Dataset excerpts:
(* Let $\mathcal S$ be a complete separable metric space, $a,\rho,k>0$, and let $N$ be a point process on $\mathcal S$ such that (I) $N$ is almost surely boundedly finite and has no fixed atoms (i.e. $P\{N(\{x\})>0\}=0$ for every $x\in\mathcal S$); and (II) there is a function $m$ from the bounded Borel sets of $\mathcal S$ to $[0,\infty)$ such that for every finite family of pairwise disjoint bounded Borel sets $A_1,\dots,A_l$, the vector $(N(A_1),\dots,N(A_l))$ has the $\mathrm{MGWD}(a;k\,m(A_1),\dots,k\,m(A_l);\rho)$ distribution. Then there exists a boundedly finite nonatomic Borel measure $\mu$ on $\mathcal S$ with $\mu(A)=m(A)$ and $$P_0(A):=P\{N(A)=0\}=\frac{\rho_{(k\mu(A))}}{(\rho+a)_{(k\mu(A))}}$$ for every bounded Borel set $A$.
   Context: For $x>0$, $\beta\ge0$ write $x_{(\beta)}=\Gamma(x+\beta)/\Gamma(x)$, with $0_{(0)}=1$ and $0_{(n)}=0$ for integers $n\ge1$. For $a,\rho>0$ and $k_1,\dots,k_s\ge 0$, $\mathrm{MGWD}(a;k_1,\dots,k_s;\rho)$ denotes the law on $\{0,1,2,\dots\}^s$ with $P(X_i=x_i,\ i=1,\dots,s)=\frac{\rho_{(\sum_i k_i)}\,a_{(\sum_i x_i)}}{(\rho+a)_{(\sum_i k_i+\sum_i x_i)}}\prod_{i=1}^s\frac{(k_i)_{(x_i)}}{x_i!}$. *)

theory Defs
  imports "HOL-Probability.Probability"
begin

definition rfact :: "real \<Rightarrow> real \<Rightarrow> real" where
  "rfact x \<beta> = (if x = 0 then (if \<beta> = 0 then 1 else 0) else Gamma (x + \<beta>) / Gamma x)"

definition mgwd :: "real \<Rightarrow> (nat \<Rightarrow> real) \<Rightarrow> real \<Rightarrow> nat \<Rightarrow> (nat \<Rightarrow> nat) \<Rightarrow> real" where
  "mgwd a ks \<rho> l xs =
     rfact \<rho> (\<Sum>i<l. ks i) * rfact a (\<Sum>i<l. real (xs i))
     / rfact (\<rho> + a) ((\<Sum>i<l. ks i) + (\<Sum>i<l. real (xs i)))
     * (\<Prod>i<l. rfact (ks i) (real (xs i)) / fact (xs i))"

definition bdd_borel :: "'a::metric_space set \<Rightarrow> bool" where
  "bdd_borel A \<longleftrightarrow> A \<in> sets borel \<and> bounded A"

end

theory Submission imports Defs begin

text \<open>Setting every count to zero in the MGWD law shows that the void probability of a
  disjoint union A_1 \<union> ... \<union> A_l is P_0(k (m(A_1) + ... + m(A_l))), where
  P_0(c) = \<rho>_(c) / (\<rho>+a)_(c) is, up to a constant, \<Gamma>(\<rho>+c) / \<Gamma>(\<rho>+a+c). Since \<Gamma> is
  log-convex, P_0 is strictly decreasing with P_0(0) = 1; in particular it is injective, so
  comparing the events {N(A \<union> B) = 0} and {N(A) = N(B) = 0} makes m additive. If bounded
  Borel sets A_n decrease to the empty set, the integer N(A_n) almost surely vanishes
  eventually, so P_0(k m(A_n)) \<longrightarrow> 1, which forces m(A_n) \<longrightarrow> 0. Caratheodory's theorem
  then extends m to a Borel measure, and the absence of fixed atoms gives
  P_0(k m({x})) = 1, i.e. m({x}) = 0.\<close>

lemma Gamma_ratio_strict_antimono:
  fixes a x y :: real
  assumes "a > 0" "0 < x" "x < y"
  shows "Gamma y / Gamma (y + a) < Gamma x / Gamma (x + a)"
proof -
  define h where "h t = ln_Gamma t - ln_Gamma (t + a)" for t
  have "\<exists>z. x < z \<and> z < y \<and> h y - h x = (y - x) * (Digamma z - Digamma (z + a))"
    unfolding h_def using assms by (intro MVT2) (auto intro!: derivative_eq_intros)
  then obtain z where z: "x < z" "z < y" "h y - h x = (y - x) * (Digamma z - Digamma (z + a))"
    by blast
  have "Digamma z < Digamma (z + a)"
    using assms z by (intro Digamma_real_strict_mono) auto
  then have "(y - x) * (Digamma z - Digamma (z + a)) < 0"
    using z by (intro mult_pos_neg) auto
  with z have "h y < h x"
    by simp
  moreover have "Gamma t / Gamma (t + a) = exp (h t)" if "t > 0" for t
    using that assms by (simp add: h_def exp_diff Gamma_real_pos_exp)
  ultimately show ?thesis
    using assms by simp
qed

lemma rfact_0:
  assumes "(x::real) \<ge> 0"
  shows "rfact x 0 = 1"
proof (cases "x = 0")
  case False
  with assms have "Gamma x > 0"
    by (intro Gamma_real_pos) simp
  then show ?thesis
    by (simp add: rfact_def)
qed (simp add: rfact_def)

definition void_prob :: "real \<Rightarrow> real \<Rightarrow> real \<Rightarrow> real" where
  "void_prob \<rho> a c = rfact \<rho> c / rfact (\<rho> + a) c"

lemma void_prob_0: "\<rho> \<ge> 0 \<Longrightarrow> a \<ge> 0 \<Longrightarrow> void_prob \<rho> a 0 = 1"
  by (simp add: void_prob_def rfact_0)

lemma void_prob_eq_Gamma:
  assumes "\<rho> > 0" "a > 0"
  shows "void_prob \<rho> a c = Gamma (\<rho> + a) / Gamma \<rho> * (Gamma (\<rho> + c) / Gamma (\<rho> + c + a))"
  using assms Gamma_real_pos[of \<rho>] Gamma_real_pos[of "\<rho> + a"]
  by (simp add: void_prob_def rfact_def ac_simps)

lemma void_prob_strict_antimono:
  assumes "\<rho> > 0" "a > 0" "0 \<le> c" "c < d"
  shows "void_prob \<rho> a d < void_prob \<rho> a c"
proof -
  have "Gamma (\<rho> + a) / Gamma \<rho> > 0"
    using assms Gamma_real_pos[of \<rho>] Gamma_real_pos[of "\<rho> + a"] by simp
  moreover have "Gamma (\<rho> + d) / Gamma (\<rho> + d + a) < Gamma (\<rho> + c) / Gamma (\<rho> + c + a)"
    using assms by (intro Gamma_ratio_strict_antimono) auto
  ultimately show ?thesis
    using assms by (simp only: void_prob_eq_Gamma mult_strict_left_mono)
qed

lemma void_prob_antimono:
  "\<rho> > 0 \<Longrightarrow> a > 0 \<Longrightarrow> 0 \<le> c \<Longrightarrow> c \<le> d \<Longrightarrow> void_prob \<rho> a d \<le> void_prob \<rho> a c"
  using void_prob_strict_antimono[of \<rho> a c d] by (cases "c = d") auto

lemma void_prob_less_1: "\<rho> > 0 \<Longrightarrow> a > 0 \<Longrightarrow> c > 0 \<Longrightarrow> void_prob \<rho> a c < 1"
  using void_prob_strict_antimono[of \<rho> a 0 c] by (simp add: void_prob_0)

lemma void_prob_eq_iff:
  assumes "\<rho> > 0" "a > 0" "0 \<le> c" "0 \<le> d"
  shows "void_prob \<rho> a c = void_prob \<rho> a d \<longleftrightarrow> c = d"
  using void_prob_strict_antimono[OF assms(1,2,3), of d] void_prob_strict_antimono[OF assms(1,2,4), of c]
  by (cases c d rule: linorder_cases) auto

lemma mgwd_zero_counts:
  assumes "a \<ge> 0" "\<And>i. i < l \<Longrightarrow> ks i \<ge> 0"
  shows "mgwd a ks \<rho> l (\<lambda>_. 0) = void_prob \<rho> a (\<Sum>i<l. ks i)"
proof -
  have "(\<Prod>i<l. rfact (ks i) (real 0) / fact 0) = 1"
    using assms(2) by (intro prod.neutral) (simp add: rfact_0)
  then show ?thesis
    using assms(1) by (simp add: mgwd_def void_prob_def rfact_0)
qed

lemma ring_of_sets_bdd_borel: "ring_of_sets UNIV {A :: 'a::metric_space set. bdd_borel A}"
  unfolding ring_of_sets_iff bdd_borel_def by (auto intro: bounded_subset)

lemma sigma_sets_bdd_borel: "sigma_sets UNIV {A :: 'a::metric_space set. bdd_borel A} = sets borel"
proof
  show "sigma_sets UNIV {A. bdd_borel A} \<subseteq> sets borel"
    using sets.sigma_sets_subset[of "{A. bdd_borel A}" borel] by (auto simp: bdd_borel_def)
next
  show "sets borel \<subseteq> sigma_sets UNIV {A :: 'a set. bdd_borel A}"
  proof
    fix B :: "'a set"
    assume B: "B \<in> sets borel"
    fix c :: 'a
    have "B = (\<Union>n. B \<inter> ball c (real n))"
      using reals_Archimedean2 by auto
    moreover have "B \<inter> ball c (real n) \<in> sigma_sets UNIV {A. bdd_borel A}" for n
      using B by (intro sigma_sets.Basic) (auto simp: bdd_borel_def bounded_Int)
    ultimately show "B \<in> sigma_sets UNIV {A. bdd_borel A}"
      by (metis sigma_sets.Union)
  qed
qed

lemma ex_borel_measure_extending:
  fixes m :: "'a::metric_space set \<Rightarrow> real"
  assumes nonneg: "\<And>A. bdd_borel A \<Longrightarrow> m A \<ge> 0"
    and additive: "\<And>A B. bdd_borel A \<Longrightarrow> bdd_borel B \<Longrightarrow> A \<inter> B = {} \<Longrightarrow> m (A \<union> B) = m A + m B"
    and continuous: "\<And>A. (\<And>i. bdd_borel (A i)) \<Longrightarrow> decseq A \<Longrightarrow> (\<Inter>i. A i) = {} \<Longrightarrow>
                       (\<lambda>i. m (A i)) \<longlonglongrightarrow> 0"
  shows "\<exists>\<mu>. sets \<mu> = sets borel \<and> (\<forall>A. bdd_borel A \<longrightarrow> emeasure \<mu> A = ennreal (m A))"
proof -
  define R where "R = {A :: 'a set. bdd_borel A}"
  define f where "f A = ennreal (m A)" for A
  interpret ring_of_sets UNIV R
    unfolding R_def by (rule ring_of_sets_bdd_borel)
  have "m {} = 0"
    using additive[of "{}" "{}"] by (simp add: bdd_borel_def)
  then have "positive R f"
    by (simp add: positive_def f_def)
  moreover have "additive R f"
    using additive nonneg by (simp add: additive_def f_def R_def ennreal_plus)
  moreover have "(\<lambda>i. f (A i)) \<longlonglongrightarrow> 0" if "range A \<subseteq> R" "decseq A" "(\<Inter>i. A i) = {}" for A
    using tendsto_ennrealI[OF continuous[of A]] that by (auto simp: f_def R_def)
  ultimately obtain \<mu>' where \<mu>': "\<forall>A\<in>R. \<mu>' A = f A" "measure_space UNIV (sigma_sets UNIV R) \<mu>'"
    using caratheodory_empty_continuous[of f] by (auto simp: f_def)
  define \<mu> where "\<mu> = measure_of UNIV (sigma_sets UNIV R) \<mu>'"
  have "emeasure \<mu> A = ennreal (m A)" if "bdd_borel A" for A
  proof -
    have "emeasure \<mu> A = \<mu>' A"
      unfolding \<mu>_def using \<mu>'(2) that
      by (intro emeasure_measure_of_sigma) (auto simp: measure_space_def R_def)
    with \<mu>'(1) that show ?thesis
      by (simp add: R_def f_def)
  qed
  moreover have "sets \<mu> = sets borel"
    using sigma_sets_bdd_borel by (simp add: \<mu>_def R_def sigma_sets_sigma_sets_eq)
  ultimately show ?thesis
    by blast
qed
==
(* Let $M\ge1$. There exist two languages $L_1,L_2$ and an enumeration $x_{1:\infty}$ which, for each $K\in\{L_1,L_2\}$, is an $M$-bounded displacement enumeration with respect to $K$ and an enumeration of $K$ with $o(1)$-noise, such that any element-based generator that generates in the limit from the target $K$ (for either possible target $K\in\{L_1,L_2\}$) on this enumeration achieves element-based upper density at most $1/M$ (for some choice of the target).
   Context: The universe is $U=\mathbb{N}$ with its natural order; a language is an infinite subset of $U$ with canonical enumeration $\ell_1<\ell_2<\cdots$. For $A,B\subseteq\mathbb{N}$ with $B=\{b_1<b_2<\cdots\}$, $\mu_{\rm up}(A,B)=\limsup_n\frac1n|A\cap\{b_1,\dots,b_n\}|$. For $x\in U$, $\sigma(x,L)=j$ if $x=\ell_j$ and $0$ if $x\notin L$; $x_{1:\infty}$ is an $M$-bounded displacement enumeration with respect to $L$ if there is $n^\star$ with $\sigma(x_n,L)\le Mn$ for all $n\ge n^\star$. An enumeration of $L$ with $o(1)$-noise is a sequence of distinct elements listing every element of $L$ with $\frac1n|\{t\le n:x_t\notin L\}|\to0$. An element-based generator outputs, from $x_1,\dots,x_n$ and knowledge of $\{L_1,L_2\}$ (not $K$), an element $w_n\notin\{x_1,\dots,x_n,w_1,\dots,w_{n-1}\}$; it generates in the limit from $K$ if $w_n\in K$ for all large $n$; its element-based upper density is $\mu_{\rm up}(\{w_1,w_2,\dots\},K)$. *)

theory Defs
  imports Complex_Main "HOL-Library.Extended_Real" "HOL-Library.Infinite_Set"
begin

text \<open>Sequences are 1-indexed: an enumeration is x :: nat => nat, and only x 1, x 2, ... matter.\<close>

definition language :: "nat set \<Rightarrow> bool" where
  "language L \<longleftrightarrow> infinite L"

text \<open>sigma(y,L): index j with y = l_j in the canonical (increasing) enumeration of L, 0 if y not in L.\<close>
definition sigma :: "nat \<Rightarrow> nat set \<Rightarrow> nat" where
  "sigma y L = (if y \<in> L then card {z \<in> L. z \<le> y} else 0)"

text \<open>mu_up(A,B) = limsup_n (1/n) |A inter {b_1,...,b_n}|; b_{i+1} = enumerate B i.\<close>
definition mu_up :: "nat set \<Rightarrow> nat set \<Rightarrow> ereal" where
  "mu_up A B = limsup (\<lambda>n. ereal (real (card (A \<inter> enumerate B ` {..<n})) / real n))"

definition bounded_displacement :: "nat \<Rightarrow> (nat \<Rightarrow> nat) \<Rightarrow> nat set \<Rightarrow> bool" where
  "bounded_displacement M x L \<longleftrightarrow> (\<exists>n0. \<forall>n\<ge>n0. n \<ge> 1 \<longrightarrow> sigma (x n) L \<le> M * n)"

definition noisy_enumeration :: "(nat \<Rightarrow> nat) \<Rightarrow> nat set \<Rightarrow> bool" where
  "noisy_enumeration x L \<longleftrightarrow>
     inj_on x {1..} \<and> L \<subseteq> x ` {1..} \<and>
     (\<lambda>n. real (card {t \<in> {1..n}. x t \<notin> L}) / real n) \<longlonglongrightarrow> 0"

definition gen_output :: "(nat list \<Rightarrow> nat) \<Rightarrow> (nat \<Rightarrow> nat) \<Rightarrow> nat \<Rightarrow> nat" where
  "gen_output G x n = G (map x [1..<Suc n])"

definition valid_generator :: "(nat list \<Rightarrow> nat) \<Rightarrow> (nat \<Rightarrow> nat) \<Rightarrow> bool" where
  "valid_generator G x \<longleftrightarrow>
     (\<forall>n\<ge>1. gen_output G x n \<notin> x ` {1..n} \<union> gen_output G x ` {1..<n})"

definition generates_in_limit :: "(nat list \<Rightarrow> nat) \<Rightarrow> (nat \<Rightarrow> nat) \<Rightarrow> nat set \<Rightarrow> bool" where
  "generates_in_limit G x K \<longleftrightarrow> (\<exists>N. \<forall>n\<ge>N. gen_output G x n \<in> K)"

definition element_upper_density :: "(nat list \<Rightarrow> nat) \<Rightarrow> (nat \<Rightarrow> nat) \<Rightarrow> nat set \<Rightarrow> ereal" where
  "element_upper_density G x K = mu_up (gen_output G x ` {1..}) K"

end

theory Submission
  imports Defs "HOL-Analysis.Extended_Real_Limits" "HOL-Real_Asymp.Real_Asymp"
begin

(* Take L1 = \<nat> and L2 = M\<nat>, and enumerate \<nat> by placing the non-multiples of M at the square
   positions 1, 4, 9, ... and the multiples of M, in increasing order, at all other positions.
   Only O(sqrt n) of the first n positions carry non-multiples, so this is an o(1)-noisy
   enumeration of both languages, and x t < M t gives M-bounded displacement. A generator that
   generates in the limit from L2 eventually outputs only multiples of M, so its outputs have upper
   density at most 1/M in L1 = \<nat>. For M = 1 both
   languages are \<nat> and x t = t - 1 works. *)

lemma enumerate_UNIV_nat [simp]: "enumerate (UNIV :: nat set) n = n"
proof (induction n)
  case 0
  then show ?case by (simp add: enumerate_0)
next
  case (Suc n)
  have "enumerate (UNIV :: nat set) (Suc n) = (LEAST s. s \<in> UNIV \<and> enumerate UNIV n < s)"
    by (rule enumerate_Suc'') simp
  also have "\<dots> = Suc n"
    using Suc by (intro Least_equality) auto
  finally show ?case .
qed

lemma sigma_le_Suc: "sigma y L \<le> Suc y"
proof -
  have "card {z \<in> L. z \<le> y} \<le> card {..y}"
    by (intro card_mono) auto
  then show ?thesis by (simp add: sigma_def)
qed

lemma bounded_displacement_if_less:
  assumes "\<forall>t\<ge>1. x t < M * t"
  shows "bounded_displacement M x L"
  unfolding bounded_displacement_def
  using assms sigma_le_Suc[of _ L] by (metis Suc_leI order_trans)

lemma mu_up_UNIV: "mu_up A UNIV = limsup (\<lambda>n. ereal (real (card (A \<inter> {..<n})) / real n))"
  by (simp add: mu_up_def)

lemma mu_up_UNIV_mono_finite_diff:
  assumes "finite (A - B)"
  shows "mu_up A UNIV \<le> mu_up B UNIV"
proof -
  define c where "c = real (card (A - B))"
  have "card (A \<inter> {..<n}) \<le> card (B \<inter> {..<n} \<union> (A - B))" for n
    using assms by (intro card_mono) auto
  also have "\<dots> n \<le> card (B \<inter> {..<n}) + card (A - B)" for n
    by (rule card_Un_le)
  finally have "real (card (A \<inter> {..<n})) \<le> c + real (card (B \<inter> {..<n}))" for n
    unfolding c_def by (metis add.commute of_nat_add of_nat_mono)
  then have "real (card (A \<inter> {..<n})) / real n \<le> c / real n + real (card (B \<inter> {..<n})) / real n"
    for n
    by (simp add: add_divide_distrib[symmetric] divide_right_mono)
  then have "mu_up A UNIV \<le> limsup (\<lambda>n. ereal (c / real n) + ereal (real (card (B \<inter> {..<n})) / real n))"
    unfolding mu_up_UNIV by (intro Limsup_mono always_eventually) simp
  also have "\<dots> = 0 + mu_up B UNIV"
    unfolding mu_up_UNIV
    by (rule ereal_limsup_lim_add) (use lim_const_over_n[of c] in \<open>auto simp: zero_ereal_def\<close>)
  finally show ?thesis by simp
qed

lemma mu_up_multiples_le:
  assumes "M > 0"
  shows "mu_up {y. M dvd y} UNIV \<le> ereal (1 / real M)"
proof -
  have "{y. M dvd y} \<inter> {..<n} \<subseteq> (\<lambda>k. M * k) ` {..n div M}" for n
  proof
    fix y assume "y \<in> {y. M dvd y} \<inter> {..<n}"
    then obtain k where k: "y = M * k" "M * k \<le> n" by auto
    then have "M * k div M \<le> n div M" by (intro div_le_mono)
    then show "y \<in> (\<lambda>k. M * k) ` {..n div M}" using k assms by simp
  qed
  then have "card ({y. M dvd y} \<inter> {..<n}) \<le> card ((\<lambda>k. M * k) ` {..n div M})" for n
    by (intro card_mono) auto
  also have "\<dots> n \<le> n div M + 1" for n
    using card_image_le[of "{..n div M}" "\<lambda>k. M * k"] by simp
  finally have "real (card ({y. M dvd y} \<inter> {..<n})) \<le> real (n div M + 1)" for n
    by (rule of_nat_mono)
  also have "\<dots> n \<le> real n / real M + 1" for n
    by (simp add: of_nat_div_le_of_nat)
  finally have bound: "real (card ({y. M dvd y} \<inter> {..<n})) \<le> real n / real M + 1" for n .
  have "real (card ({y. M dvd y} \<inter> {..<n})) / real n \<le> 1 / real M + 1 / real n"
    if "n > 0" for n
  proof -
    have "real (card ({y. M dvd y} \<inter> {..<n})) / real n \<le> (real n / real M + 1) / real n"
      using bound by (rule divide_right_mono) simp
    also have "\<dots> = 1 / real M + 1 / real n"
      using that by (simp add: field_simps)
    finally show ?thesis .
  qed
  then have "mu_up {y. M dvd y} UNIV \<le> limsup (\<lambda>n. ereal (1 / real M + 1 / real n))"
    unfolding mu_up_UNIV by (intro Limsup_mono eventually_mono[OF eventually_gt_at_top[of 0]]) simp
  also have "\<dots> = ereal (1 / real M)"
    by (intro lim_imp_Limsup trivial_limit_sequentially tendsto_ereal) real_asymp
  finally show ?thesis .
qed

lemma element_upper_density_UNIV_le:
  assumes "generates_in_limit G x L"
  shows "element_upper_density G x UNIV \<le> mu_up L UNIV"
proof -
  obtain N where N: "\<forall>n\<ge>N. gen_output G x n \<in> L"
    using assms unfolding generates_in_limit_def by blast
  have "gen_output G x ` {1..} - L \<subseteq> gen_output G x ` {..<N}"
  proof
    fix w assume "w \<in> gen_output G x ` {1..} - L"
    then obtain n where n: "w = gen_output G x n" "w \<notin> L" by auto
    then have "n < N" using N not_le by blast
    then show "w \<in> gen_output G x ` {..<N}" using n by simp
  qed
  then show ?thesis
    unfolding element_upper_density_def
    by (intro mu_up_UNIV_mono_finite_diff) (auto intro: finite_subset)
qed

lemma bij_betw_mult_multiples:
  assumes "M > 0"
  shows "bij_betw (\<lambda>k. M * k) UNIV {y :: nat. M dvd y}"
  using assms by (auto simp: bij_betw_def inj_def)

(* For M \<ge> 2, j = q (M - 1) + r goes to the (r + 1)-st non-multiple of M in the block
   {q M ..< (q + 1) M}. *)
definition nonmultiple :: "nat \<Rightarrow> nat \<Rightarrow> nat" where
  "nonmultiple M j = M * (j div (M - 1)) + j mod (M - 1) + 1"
---
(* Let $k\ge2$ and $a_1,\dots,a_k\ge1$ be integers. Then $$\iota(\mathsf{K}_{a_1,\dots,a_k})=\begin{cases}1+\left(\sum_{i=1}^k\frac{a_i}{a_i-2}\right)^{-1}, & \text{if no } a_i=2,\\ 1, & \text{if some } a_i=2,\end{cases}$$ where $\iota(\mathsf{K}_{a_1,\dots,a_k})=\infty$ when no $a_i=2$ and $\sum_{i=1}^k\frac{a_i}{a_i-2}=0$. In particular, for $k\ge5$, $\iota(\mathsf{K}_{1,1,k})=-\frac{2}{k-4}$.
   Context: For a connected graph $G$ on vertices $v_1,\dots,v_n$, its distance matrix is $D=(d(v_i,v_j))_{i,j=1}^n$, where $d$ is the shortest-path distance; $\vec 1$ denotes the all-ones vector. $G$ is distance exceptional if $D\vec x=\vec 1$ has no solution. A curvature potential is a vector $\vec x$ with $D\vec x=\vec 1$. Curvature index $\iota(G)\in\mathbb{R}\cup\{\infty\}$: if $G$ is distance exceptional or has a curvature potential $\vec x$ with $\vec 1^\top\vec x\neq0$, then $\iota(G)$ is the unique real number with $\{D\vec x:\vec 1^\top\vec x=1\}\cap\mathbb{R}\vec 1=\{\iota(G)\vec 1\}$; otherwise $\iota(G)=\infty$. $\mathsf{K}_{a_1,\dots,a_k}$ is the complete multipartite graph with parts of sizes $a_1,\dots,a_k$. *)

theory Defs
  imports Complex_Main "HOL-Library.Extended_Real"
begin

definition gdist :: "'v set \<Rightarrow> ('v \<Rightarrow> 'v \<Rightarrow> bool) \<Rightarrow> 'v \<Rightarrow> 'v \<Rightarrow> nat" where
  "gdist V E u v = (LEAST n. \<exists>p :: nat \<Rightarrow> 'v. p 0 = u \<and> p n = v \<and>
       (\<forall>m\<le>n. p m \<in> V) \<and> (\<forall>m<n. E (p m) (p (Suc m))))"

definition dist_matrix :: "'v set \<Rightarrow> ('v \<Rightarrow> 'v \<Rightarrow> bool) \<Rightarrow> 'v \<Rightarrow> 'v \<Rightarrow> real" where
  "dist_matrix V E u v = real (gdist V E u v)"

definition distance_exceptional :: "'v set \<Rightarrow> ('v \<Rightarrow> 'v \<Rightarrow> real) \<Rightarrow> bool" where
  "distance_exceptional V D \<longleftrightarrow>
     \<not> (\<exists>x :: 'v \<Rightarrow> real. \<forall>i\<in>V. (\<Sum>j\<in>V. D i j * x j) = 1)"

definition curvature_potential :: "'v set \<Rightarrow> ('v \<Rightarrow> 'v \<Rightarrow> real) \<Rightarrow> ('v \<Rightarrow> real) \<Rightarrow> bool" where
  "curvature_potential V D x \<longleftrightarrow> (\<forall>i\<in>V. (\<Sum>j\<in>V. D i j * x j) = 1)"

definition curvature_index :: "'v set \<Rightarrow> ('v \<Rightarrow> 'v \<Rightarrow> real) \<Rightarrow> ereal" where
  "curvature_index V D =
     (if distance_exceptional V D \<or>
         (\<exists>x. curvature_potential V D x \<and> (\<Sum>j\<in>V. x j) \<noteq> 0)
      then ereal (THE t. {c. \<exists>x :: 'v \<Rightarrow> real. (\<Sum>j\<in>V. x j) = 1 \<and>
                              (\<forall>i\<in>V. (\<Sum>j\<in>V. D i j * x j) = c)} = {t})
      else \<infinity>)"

Your task ->
Only the lines above from the one with "0 + mu_up B" through the one with "fix y assume" should be duplicated, character for character.

Answer space ->
  also have "\<dots> = 0 + mu_up B UNIV"
    unfolding mu_up_UNIV
    by (rule ereal_limsup_lim_add) (use lim_const_over_n[of c] in \<open>auto simp: zero_ereal_def\<close>)
  finally show ?thesis by simp
qed

lemma mu_up_multiples_le:
  assumes "M > 0"
  shows "mu_up {y. M dvd y} UNIV \<le> ereal (1 / real M)"
proof -
  have "{y. M dvd y} \<inter> {..<n} \<subseteq> (\<lambda>k. M * k) ` {..n div M}" for n
  proof
    fix y assume "y \<in> {y. M dvd y} \<inter> {..<n}"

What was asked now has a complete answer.